» **Required work**:
Starting at the top of the records, output every line through the one that contains "lebesgue \<and> P", keeping each exactly as it appears.

» **Supplied entries**:
locale shared_colors =
  fixes V :: "'a set" and M :: "'a set set" and g :: "'a \<Rightarrow> real" and L :: "'a \<Rightarrow> real set"
    and P :: "'a set \<Rightarrow> real set"
  assumes finite_V: "finite V" and matching: "is_matching V M"
    and demand_nonneg: "\<forall>v\<in>V. 0 \<le> g v" and lists: "frac_list_assignment V L"
    and P_disjoint: "disjoint_family_on P M"
    and P: "\<forall>e\<in>M. P e \<in> sets lebesgue \<and> P e \<subseteq> \<Inter>(L ` e) \<and> measure lebesgue (P e) \<le> Min (g ` e) \<and>
      (measure lebesgue (P e) = Min (g ` e) \<or> \<Inter>(L ` e) \<subseteq> \<Union>(P ` M))"
    and cond_unmatched: "\<forall>v\<in>V - \<Union>M. measure lebesgue (L v) \<ge>
      (\<Sum>u\<in>V - \<Union>M. g u) + (\<Sum>e\<in>M. Max (g ` e))"
    and cond_matched: "\<forall>v\<in>\<Union>M. measure lebesgue (L v) \<ge> g v + (\<Sum>e\<in>{e\<in>M. v \<notin> e}. Max (g ` e))"
    and cond_edge: "\<forall>u v. {u, v} \<in> M \<longrightarrow> measure lebesgue (L u) + measure lebesgue (L v) \<ge> (\<Sum>w\<in>V. g w)"
begin

definition shared :: "'a \<Rightarrow> real set" where
  "shared x = \<Union>(P ` {e \<in> M. x \<in> e})"

definition residual_demand :: "'a \<Rightarrow> real" where
  "residual_demand x = g x - measure lebesgue (shared x)"

definition residual_list :: "'a \<Rightarrow> real set" where
  "residual_list x = L x - \<Union>(P ` M)"

lemma finite_M: "finite M"
  using finite_V matching by (rule finite_is_matching)

lemma shared_edge: "e \<in> M \<Longrightarrow> x \<in> e \<Longrightarrow> shared x = P e"
  unfolding shared_def using is_matching_edges_at[OF matching] by simp

lemma shared_unmatched: "x \<notin> \<Union>M \<Longrightarrow> shared x = {}"
  unfolding shared_def by auto

lemma UN_shared: "\<Union>(shared ` V) = \<Union>(P ` M)"
proof
  show "\<Union>(shared ` V) \<subseteq> \<Union>(P ` M)"
    unfolding shared_def by blast
  show "\<Union>(P ` M) \<subseteq> \<Union>(shared ` V)"
  proof
    fix t assume "t \<in> \<Union>(P ` M)"
    then obtain e where "e \<in> M" "t \<in> P e"
      by blast
    moreover obtain u v where "e = {u, v}" "u \<in> V"
      using is_matching_edgeE[OF matching \<open>e \<in> M\<close>] by metis
    ultimately show "t \<in> \<Union>(shared ` V)"
      using shared_edge[of e u] by auto
  qed
qed

lemma P_edge:
  assumes "e \<in> M" "e = {u, v}"
  shows "P e \<in> sets lebesgue" "P e \<subseteq> L u \<inter> L v" "measure lebesgue (P e) \<le> min (g u) (g v)"
    "measure lebesgue (P e) = min (g u) (g v) \<or> L u \<inter> L v \<subseteq> \<Union>(P ` M)"
  using P assms by auto

lemma shared_in_list: "x \<in> V \<Longrightarrow> shared x \<in> sets lebesgue \<and> shared x \<subseteq> L x"
proof (cases "x \<in> \<Union>M")
  case True
  then obtain e where "e \<in> M" "x \<in> e"
    by blast
  then show ?thesis
    using P shared_edge by (metis Inter_lower image_eqI subset_trans)
qed (simp add: shared_unmatched)

lemma shared_disjoint:
  assumes "x \<in> V" "y \<in> V" "{x, y} \<in> complete_edges V - M"
  shows "shared x \<inter> shared y = {}"
proof (cases "x \<in> \<Union>M \<and> y \<in> \<Union>M")
  case True
  then obtain e e' where e: "e \<in> M" "x \<in> e" and e': "e' \<in> M" "y \<in> e'"
    by blast
  have "x \<noteq> y"
    using doubleton_in_complete_edges_iff[OF assms(1,2)] assms(3) by blast
  have "e \<noteq> e'"
  proof
    assume "e = e'"
    obtain u v where "e = {u, v}"
      using is_matching_edgeE[OF matching \<open>e \<in> M\<close>] by metis
    then have "{x, y} = e"
      using e e' \<open>e = e'\<close> \<open>x \<noteq> y\<close> by auto
    then show False
      using assms(3) \<open>e \<in> M\<close> by blast
  qed
  then show ?thesis
    using P_disjoint e e' shared_edge unfolding disjoint_family_on_def by metis
next
  case False
  then show ?thesis
    using shared_unmatched by auto
qed

lemma residual_demand_nonneg: "x \<in> V \<Longrightarrow> 0 \<le> residual_demand x"
proof (cases "x \<in> \<Union>M")
  case True
  then obtain e where "e \<in> M" "x \<in> e"
    by blast
  moreover obtain u v where "e = {u, v}"
    using is_matching_edgeE[OF matching \<open>e \<in> M\<close>] by metis
  ultimately show ?thesis
    unfolding residual_demand_def using P_edge(3) shared_edge by fastforce
qed (use demand_nonneg shared_unmatched residual_demand_def in auto)

lemma sum_residual_demand:
  assumes "Y \<subseteq> V"
  shows "sum residual_demand Y = sum g (Y - \<Union>M) + (\<Sum>e\<in>M. \<Sum>x\<in>Y \<inter> e. g x - measure lebesgue (P e))"
proof -
  have "sum residual_demand Y = sum residual_demand (Y - \<Union>M) + (\<Sum>e\<in>M. sum residual_demand (Y \<inter> e))"
    by (rule sum_split_matching[OF finite_V matching assms])
  also have "sum residual_demand (Y - \<Union>M) = sum g (Y - \<Union>M)"
    by (intro sum.cong) (auto simp: residual_demand_def shared_unmatched)
  also have "(\<Sum>e\<in>M. sum residual_demand (Y \<inter> e)) = (\<Sum>e\<in>M. \<Sum>x\<in>Y \<inter> e. g x - measure lebesgue (P e))"
    by (intro sum.cong) (auto simp: residual_demand_def shared_edge)
  finally show ?thesis .
qed

lemma sum_measure_shared: "(\<Sum>x\<in>V. measure lebesgue (shared x)) = 2 * (\<Sum>e\<in>M. measure lebesgue (P e))"
proof -
  have edge: "(\<Sum>x\<in>V \<inter> e. measure lebesgue (shared x)) = 2 * measure lebesgue (P e)" if "e \<in> M" for e
  proof -
    obtain u v where "e = {u, v}" "u \<noteq> v" "u \<in> V" "v \<in> V"
      using is_matching_edgeE[OF matching \<open>e \<in> M\<close>] by metis
    then have "(\<Sum>x\<in>V \<inter> e. measure lebesgue (shared x)) = (\<Sum>x\<in>{u, v}. measure lebesgue (P e))"
      using shared_edge[OF that] by (intro sum.cong) auto
    then show ?thesis
      using \<open>u \<noteq> v\<close> by simp
  qed
  have "(\<Sum>x\<in>V. measure lebesgue (shared x)) = (\<Sum>x\<in>V - \<Union>M. measure lebesgue (shared x))
      + (\<Sum>e\<in>M. \<Sum>x\<in>V \<inter> e. measure lebesgue (shared x))"
    by (rule sum_split_matching[OF finite_V matching order_refl])
  also have "(\<Sum>x\<in>V - \<Union>M. measure lebesgue (shared x)) = 0"
    by (intro sum.neutral) (auto simp: shared_unmatched)
  also have "(\<Sum>e\<in>M. \<Sum>x\<in>V \<inter> e. measure lebesgue (shared x)) = (\<Sum>e\<in>M. 2 * measure lebesgue (P e))"
    using edge by (rule sum.cong[OF refl])
  finally show ?thesis
    by (metis add_0 sum_distrib_left)
qed

lemma UN_P_fmeasurable: "\<Union>(P ` M) \<in> fmeasurable lebesgue"
proof (rule fmeasurableI2)
  show "\<Union>(L ` V) \<in> fmeasurable lebesgue"
    using lists finite_V by (rule frac_list_assignment_Union(2)) simp
  show "\<Union>(P ` M) \<subseteq> \<Union>(L ` V)"
    unfolding UN_shared[symmetric] using shared_in_list by blast
  show "\<Union>(P ` M) \<in> sets lebesgue"
    using finite_M P by (intro sets.finite_UN) auto
qed

lemma measure_UN_P_le: "measure lebesgue (\<Union>(P ` M)) \<le> (\<Sum>e\<in>M. measure lebesgue (P e))"
  using finite_M P by (intro measure_UNION_le) auto

lemma measure_residual_lists_ge:
  assumes "Y \<subseteq> V" "A \<subseteq> \<Union>(L ` Y)" "A \<in> sets lebesgue"
  shows "measure lebesgue A - (\<Sum>e\<in>M. measure lebesgue (P e)) \<le> measure lebesgue (\<Union>(residual_list ` Y))"
proof -
  have UY: "\<Union>(L ` Y) \<in> fmeasurable lebesgue"
    using lists finite_subset[OF assms(1) finite_V] assms(1) by (rule frac_list_assignment_Union(2))
  then have "A \<in> fmeasurable lebesgue"
    using assms(2,3) by (rule fmeasurableI2)
  then have "measure lebesgue A \<le> measure lebesgue ((A - \<Union>(P ` M)) \<union> \<Union>(P ` M))"
    using UN_P_fmeasurable by (intro measure_mono_fmeasurable fmeasurable.Un fmeasurable_Diff) auto
  also have "\<dots> \<le> measure lebesgue (A - \<Union>(P ` M)) + measure lebesgue (\<Union>(P ` M))"
    using \<open>A \<in> fmeasurable lebesgue\<close> UN_P_fmeasurable by (intro measure_Un_le) auto
  finally have "measure lebesgue A \<le> measure lebesgue (A - \<Union>(P ` M)) + measure lebesgue (\<Union>(P ` M))" .
  moreover have "\<Union>(residual_list ` Y) = \<Union>(L ` Y) - \<Union>(P ` M)"
    unfolding residual_list_def by blast
  then have "measure lebesgue (A - \<Union>(P ` M)) \<le> measure lebesgue (\<Union>(residual_list ` Y))"
    using assms(2) \<open>A \<in> fmeasurable lebesgue\<close> UY UN_P_fmeasurable
    by (intro measure_mono_fmeasurable) (auto simp: fmeasurable_Diff fmeasurableD)
  ultimately show ?thesis
    using measure_UN_P_le by linarith
qed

» **Result below**:
locale shared_colors =
  fixes V :: "'a set" and M :: "'a set set" and g :: "'a \<Rightarrow> real" and L :: "'a \<Rightarrow> real set"
    and P :: "'a set \<Rightarrow> real set"
  assumes finite_V: "finite V" and matching: "is_matching V M"
    and demand_nonneg: "\<forall>v\<in>V. 0 \<le> g v" and lists: "frac_list_assignment V L"
    and P_disjoint: "disjoint_family_on P M"
    and P: "\<forall>e\<in>M. P e \<in> sets lebesgue \<and> P e \<subseteq> \<Inter>(L ` e) \<and> measure lebesgue (P e) \<le> Min (g ` e) \<and>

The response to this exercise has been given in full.